(* If a linear operator $T$ is compact on $L^2(\mathbb{R}^{n_1}\times\mathbb{R}^{n_2})$, then it satisfies the product weak compactness property: for every $R>0$, $$\lim_{z\to\infty}\sup_{w\in D(z_1,R)\times D(z_2,R)}|\langle T\psi_z,\psi_w\rangle|=0.$$
   Context: $\mathbb{R}^{n+1}_+=\mathbb{R}^n\times(0,\infty)$ is the $ax+b$ group with $(x,t)*(y,s)=(ty+x,ts)$ and hyperbolic (left-invariant Riemannian) metric $d$ given by $ds^2=(dx^2+dt^2)/t^2$; $D(z,R)$ is the $d$-ball of radius $R$ about $z$. For $z=(x,t)$ and $f$ on $\mathbb{R}^n$, $f_z=t^{-n/2}f((\cdot-x)/t)$. A real-valued $\psi\in\mathcal{D}(\mathbb{R}^n)$ (for $n=n_1,n_2$) is fixed with $\mathrm{supp}\,\psi\subseteq B(0,1)$, $\int\psi=0$, and $\int_0^\infty|\widehat\psi(t\xi)|^2\,dt/t=1$ for $\xi\neq0$. For $z=(z_1,z_2)\in\mathbb{R}^{n_1+1}_+\times\mathbb{R}^{n_2+1}_+$, $\psi_z=\psi_{z_1}\otimes\psi_{z_2}$, $(f_1\otimes f_2)(x_1,x_2)=f_1(x_1)f_2(x_2)$. "$z\to\infty$" means $z$ leaves $D((0,1),R')\times D((0,1),R')$ for every $R'>0$, i.e. $\lim_{R'\to\infty}\sup$ over $z$ outside that set. *)

theory Defs
  imports "HOL-Analysis.Analysis"
begin

definition upper_half :: "('a::euclidean_space \<times> real) set" where
  "upper_half = {z. snd z > 0}"

text \<open>Hyperbolic distance of the metric (dx^2+dt^2)/t^2 (closed form).\<close>
definition hdist :: "('a::euclidean_space \<times> real) \<Rightarrow> ('a \<times> real) \<Rightarrow> real" where
  "hdist z w = arcosh (1 + ((norm (fst z - fst w))\<^sup>2 + (snd z - snd w)\<^sup>2)
                            / (2 * snd z * snd w))"

definition hball :: "('a::euclidean_space \<times> real) \<Rightarrow> real \<Rightarrow> ('a \<times> real) set" where
  "hball z R = {w \<in> upper_half. hdist z w < R}"

definition dil :: "('a::euclidean_space \<times> real) \<Rightarrow> ('a \<Rightarrow> real) \<Rightarrow> 'a \<Rightarrow> real" where
  "dil z f y = snd z powr (- real DIM('a) / 2) * f ((1 / snd z) *\<^sub>R (y - fst z))"

definition tensor :: "('a \<Rightarrow> real) \<Rightarrow> ('b \<Rightarrow> real) \<Rightarrow> ('a \<times> 'b) \<Rightarrow> complex" where
  "tensor f g y = complex_of_real (f (fst y) * g (snd y))"

text \<open>C-infinity: all partial derivatives of all orders exist and are continuous.\<close>
coinductive smooth_real :: "('a::euclidean_space \<Rightarrow> real) \<Rightarrow> bool" where
  "continuous_on UNIV f \<Longrightarrow>
   (\<forall>i\<in>Basis. \<exists>g. smooth_real g \<and>
       (\<forall>x. ((\<lambda>s. f (x + s *\<^sub>R i)) has_real_derivative g x) (at 0)))
   \<Longrightarrow> smooth_real f"

definition fourier :: "('a::euclidean_space \<Rightarrow> real) \<Rightarrow> 'a \<Rightarrow> complex" where
  "fourier f \<xi> = (\<integral>x. complex_of_real (f x) * exp (- (2 * pi * \<i>) * complex_of_real (x \<bullet> \<xi>)) \<partial>lborel)"

definition admissible_wavelet :: "('a::euclidean_space \<Rightarrow> real) \<Rightarrow> bool" where
  "admissible_wavelet \<psi> \<longleftrightarrow>
     smooth_real \<psi> \<and> closure {x. \<psi> x \<noteq> 0} \<subseteq> ball 0 1 \<and>
     integrable lborel \<psi> \<and> (\<integral>x. \<psi> x \<partial>lborel) = 0 \<and>
     (\<forall>\<xi>. \<xi> \<noteq> 0 \<longrightarrow>
        (\<integral>\<^sup>+ t\<in>{0<..}. ennreal ((cmod (fourier \<psi> (t *\<^sub>R \<xi>)))\<^sup>2 / t) \<partial>lborel) = 1)"

text \<open>L^2(R^{n1} x R^{n2}) (complex valued), represented by functions.\<close>
definition L2 :: "('c::euclidean_space \<Rightarrow> complex) set" where
  "L2 = {f. f \<in> borel_measurable lborel \<and> integrable lborel (\<lambda>y. (cmod (f y))\<^sup>2)}"

definition L2_norm :: "('c::euclidean_space \<Rightarrow> complex) \<Rightarrow> real" where
  "L2_norm f = sqrt (\<integral>y. (cmod (f y))\<^sup>2 \<partial>lborel)"
lemma integral_pair_measure_distr:
  fixes f :: "real \<times> real \<Rightarrow> real"
  assumes "prob_space \<Omega>1" "prob_space \<Omega>2"
    and [measurable]: "Y1 \<in> borel_measurable \<Omega>1" "Y2 \<in> borel_measurable \<Omega>2"
      "f \<in> borel_measurable borel"
  shows "(\<integral>z. f z \<partial>(distr \<Omega>1 borel Y1 \<Otimes>\<^sub>M distr \<Omega>2 borel Y2))
    = (\<integral>z. f (Y1 (fst z), Y2 (snd z)) \<partial>(\<Omega>1 \<Otimes>\<^sub>M \<Omega>2))"
proof -
  interpret pair_prob_space \<Omega>1 \<Omega>2
    using assms(1,2) by (simp add: pair_prob_space_def pair_sigma_finite_def prob_space_imp_sigma_finite)
  have "distr \<Omega>1 borel Y1 \<Otimes>\<^sub>M distr \<Omega>2 borel Y2
      = distr (\<Omega>1 \<Otimes>\<^sub>M \<Omega>2) (borel \<Otimes>\<^sub>M borel) (\<lambda>(x, y). (Y1 x, Y2 y))"
    by (intro pair_measure_distr prob_space_imp_sigma_finite prob_space.prob_space_distr assms)
  then show ?thesis
    by (simp add: integral_distr borel_prod case_prod_beta)
qed

lemma tendsto_integral_pair_measure_distr:
  fixes f :: "real \<times> real \<Rightarrow> real"
  assumes \<Omega>: "prob_space \<Omega>1" "prob_space \<Omega>2"
    and [measurable]: "\<And>n. Y1s n \<in> borel_measurable \<Omega>1" "Y1 \<in> borel_measurable \<Omega>1"
      "\<And>n. Y2s n \<in> borel_measurable \<Omega>2" "Y2 \<in> borel_measurable \<Omega>2"
    and lim1: "\<And>\<omega>. \<omega> \<in> space \<Omega>1 \<Longrightarrow> (\<lambda>n. Y1s n \<omega>) \<longlonglongrightarrow> Y1 \<omega>"
    and lim2: "\<And>\<omega>. \<omega> \<in> space \<Omega>2 \<Longrightarrow> (\<lambda>n. Y2s n \<omega>) \<longlonglongrightarrow> Y2 \<omega>"
    and f_cont: "continuous_on UNIV f" and f_bound: "\<And>z. \<bar>f z\<bar> \<le> B"
  shows "(\<lambda>n. \<integral>z. f z \<partial>(distr \<Omega>1 borel (Y1s n) \<Otimes>\<^sub>M distr \<Omega>2 borel (Y2s n)))
    \<longlonglongrightarrow> (\<integral>z. f z \<partial>(distr \<Omega>1 borel Y1 \<Otimes>\<^sub>M distr \<Omega>2 borel Y2))"
proof -
  interpret pair_prob_space \<Omega>1 \<Omega>2
    using \<Omega> by (simp add: pair_prob_space_def pair_sigma_finite_def prob_space_imp_sigma_finite)
  have [measurable]: "f \<in> borel_measurable borel"
    using f_cont by (rule borel_measurable_continuous_onI)
  have "(\<lambda>n. \<integral>z. f (Y1s n (fst z), Y2s n (snd z)) \<partial>(\<Omega>1 \<Otimes>\<^sub>M \<Omega>2))
      \<longlonglongrightarrow> (\<integral>z. f (Y1 (fst z), Y2 (snd z)) \<partial>(\<Omega>1 \<Otimes>\<^sub>M \<Omega>2))"
  proof (rule integral_dominated_convergence[where w="\<lambda>_. B"])
    show "AE z in \<Omega>1 \<Otimes>\<^sub>M \<Omega>2. (\<lambda>n. f (Y1s n (fst z), Y2s n (snd z))) \<longlonglongrightarrow> f (Y1 (fst z), Y2 (snd z))"
    proof (rule AE_I2)
      fix z
      assume "z \<in> space (\<Omega>1 \<Otimes>\<^sub>M \<Omega>2)"
      then have "(\<lambda>n. (Y1s n (fst z), Y2s n (snd z))) \<longlonglongrightarrow> (Y1 (fst z), Y2 (snd z))"
        using lim1 lim2 by (auto simp: space_pair_measure intro!: tendsto_Pair)
      then show "(\<lambda>n. f (Y1s n (fst z), Y2s n (snd z))) \<longlonglongrightarrow> f (Y1 (fst z), Y2 (snd z))"
        using f_cont by (intro isCont_tendsto_compose[of _ f]) (auto simp: continuous_on_eq_continuous_at)
    qed
    show "AE z in \<Omega>1 \<Otimes>\<^sub>M \<Omega>2. norm (f (Y1s n (fst z), Y2s n (snd z))) \<le> B" for n
      using f_bound by (intro AE_I2) simp
    show "integrable (\<Omega>1 \<Otimes>\<^sub>M \<Omega>2) (\<lambda>_. B)"
      by simp
    show "(\<lambda>z. f (Y1 (fst z), Y2 (snd z))) \<in> borel_measurable (\<Omega>1 \<Otimes>\<^sub>M \<Omega>2)"
      by measurable
    show "(\<lambda>z. f (Y1s n (fst z), Y2s n (snd z))) \<in> borel_measurable (\<Omega>1 \<Otimes>\<^sub>M \<Omega>2)" for n
      by measurable
  qed
  then show ?thesis
    by (simp add: integral_pair_measure_distr[OF \<Omega>])
qed
lemma factoring_index_map:
  fixes A :: "('a, 'b) graph" and B :: "('c, 'd) graph"
  assumes hom: "graph_hom A B p1 p2"
    and onto: "p1 ` verts A = verts B" "p2 ` edges A = edges B"
    and G: "G \<subseteq> pv_index V A"
    and factors: "\<forall>i\<in>G. \<exists>j\<in>pv_index V B. idx_agree A (idx_pullback p1 p2 j) i"
  obtains \<sigma> where "\<And>i. i \<in> G \<Longrightarrow> \<sigma> i \<in> pv_index V B \<and> fst (\<sigma> i) = fst i"
    and "\<And>z i. z \<in> lim_edges V A \<Longrightarrow> i \<in> G \<Longrightarrow> free_pro_map V B p1 p2 z (\<sigma> i) = z i"
    and "\<And>i j h k. i \<in> G \<Longrightarrow> j \<in> G \<Longrightarrow> compatible A i j h k \<Longrightarrow> compatible B (\<sigma> i) (\<sigma> j) h k"
proof -
  obtain \<sigma> where "\<forall>i\<in>G. \<sigma> i \<in> pv_index V B \<and> idx_agree A (idx_pullback p1 p2 (\<sigma> i)) i"
    using bchoice[OF factors[unfolded Bex_def]] by blast
  then have \<sigma>: "\<And>i. i \<in> G \<Longrightarrow> \<sigma> i \<in> pv_index V B"
    and agree: "\<And>i. i \<in> G \<Longrightarrow> idx_agree A (idx_pullback p1 p2 (\<sigma> i)) i"
    by blast+
  show thesis
  proof
    show "\<sigma> i \<in> pv_index V B \<and> fst (\<sigma> i) = fst i" if "i \<in> G" for i
      using \<sigma>[OF that] agree[OF that] by (simp add: idx_agree_def)
    show "free_pro_map V B p1 p2 z (\<sigma> i) = z i" if "z \<in> lim_edges V A" "i \<in> G" for z i
    proof -
      have "free_pro_map V B p1 p2 z (\<sigma> i) = z (idx_pullback p1 p2 (\<sigma> i))"
        using \<sigma>[OF that(2)] by (simp add: free_pro_map_def)
      also have "\<dots> = z i"
        using that G
        by (intro lim_edges_idx_agree[OF that(1) idx_pullback_pv_index[OF hom \<sigma>] _ agree]) auto
      finally show ?thesis .
    qed
    show "compatible B (\<sigma> i) (\<sigma> j) h k" if "i \<in> G" "j \<in> G" "compatible A i j h k" for i j h k
      using compatible_idx_agree[OF idx_agree_sym[OF agree[OF that(1)]]
          idx_agree_sym[OF agree[OF that(2)]] that(3)]
      by (rule compatible_of_idx_pullback[OF onto])
  qed
qed

lemma local_witness_of_free_pro_witness:
  assumes wit: "equidiv_witness (free_pro V B) u' v' x' y' t"
    and \<sigma>: "\<And>i. i \<in> G \<Longrightarrow> \<sigma> i \<in> pv_index V B \<and> fst (\<sigma> i) = fst i"
    and evaluated: "\<And>i. i \<in> G \<Longrightarrow> u' (\<sigma> i) = u i \<and> v' (\<sigma> i) = v i \<and> x' (\<sigma> i) = x i \<and> y' (\<sigma> i) = y i"
    and compatible: "\<And>i j h k. i \<in> G \<Longrightarrow> j \<in> G \<Longrightarrow> compatible A i j h k
      \<Longrightarrow> compatible B (\<sigma> i) (\<sigma> j) h k"
  shows "local_witness A G u v x y (t \<circ> \<sigma>)"
  unfolding local_witness_def csp_solution_def
proof (intro conjI ballI)
  fix i assume i: "i \<in> G"
  show "equidiv_witness (fst i) (u i) (v i) (x i) (y i) ((t \<circ> \<sigma>) i)"
    using equidiv_witness_free_pro_component[OF wit conjunct1[OF \<sigma>[OF i]]] \<sigma>[OF i] evaluated[OF i]
    by simp
next
  fix i j assume i: "i \<in> G" and j: "j \<in> G"
  have "t \<in> lim_edges V B"
    using wit by (simp add: equidiv_witness_def free_pro_def)
  from lim_edges_coherent[OF this conjunct1[OF \<sigma>[OF i]] conjunct1[OF \<sigma>[OF j]] compatible[OF i j]]
  show "coherent A i j ((t \<circ> \<sigma>) i) ((t \<circ> \<sigma>) j)"
    unfolding coherent_def comp_def by blast
qed

lemma free_pro_local_equidivisibility:
  fixes A :: "('a, 'b) graph" and B :: "('c, 'd) graph"
  assumes hom: "graph_hom A B p1 p2"
    and onto: "p1 ` verts A = verts B" "p2 ` edges A = edges B"
    and equidiv: "equidivisible (free_pro V B)"
    and G: "G \<subseteq> pv_index V A"
    and factors: "\<forall>i\<in>G. \<exists>j\<in>pv_index V B. idx_agree A (idx_pullback p1 p2 j) i"
    and lim: "u \<in> lim_edges V A" "v \<in> lim_edges V A" "x \<in> lim_edges V A" "y \<in> lim_edges V A"
    and eqs: "alpha (free_pro V A) u = omega (free_pro V A) v"
      "alpha (free_pro V A) x = omega (free_pro V A) y"
      "sgd.mult (free_pro V A) u v = sgd.mult (free_pro V A) x y"
  shows "(\<forall>i\<in>G. u i = x i \<and> v i = y i)
    \<or> (\<exists>w. local_witness A G u v x y w) \<or> (\<exists>w. local_witness A G x y u v w)"
proof -
  obtain \<sigma> where \<sigma>: "\<And>i. i \<in> G \<Longrightarrow> \<sigma> i \<in> pv_index V B \<and> fst (\<sigma> i) = fst i"
    and eval: "\<And>z i. z \<in> lim_edges V A \<Longrightarrow> i \<in> G \<Longrightarrow> free_pro_map V B p1 p2 z (\<sigma> i) = z i"
    and compatible: "\<And>i j h k. i \<in> G \<Longrightarrow> j \<in> G \<Longrightarrow> compatible A i j h k
      \<Longrightarrow> compatible B (\<sigma> i) (\<sigma> j) h k"
    using factoring_index_map[OF hom onto G factors] by blast
  let ?p = "free_pro_map V B p1 p2"
  have pushed: "?p z \<in> edges (free_pro V B)" if "z \<in> lim_edges V A" for z
    using free_pro_map_lim_edges[OF hom that] by (simp add: free_pro_def)
  have "(?p u = ?p x \<and> ?p v = ?p y)
      \<or> (\<exists>t. equidiv_witness (free_pro V B) (?p u) (?p v) (?p x) (?p y) t
          \<or> equidiv_witness (free_pro V B) (?p x) (?p y) (?p u) (?p v) t)"
    using equidivisibleD[OF equidiv pushed[OF lim(1)] pushed[OF lim(2)] pushed[OF lim(3)]
        pushed[OF lim(4)]]
    by (simp add: free_pro_map_structure[OF hom] eqs)
  then show ?thesis
  proof (elim disjE exE)
    assume "?p u = ?p x \<and> ?p v = ?p y"
    then show ?thesis
      using eval[OF lim(1)] eval[OF lim(2)] eval[OF lim(3)] eval[OF lim(4)] by metis
  next
    fix t assume "equidiv_witness (free_pro V B) (?p u) (?p v) (?p x) (?p y) t"
    from local_witness_of_free_pro_witness[OF this \<sigma> _ compatible] show ?thesis
      using eval lim by blast
  next
    fix t assume "equidiv_witness (free_pro V B) (?p x) (?p y) (?p u) (?p v) t"
    from local_witness_of_free_pro_witness[OF this \<sigma> _ compatible] show ?thesis
      using eval lim by blast
  qed
qed

lemma finite_subsets_one_of_three:
  assumes "\<And>G. finite G \<Longrightarrow> G \<subseteq> I \<Longrightarrow> P G \<or> Q G \<or> R G"
    and "\<And>G G'. G \<subseteq> G' \<Longrightarrow> P G' \<Longrightarrow> P G"
    and "\<And>G G'. G \<subseteq> G' \<Longrightarrow> Q G' \<Longrightarrow> Q G"
    and "\<And>G G'. G \<subseteq> G' \<Longrightarrow> R G' \<Longrightarrow> R G"
  shows "(\<forall>G. finite G \<and> G \<subseteq> I \<longrightarrow> P G) \<or> (\<forall>G. finite G \<and> G \<subseteq> I \<longrightarrow> Q G)
    \<or> (\<forall>G. finite G \<and> G \<subseteq> I \<longrightarrow> R G)"
proof (rule ccontr)
  assume "\<not> ?thesis"
  then obtain G1 G2 G3 where G: "finite G1" "G1 \<subseteq> I" "finite G2" "G2 \<subseteq> I" "finite G3" "G3 \<subseteq> I"
    and "\<not> P G1" "\<not> Q G2" "\<not> R G3"
    by blast
  moreover have "P (G1 \<union> G2 \<union> G3) \<or> Q (G1 \<union> G2 \<union> G3) \<or> R (G1 \<union> G2 \<union> G3)"
    using G by (intro assms(1)) auto
  ultimately show False
    using assms(2)[of G1 "G1 \<union> G2 \<union> G3"] assms(3)[of G2 "G1 \<union> G2 \<union> G3"]
      assms(4)[of G3 "G1 \<union> G2 \<union> G3"]
    by blast
qed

---

Your goal ::
Set down, exactly as they appear above, all lines from the one that has "w) \<or> (\<exists>w." down to the one that has "x \<and> ?p v = ?p y)", including those two and no others.

Output for this task ::
    \<or> (\<exists>w. local_witness A G u v x y w) \<or> (\<exists>w. local_witness A G x y u v w)"
proof -
  obtain \<sigma> where \<sigma>: "\<And>i. i \<in> G \<Longrightarrow> \<sigma> i \<in> pv_index V B \<and> fst (\<sigma> i) = fst i"
    and eval: "\<And>z i. z \<in> lim_edges V A \<Longrightarrow> i \<in> G \<Longrightarrow> free_pro_map V B p1 p2 z (\<sigma> i) = z i"
    and compatible: "\<And>i j h k. i \<in> G \<Longrightarrow> j \<in> G \<Longrightarrow> compatible A i j h k
      \<Longrightarrow> compatible B (\<sigma> i) (\<sigma> j) h k"
    using factoring_index_map[OF hom onto G factors] by blast
  let ?p = "free_pro_map V B p1 p2"
  have pushed: "?p z \<in> edges (free_pro V B)" if "z \<in> lim_edges V A" for z
    using free_pro_map_lim_edges[OF hom that] by (simp add: free_pro_def)
  have "(?p u = ?p x \<and> ?p v = ?p y)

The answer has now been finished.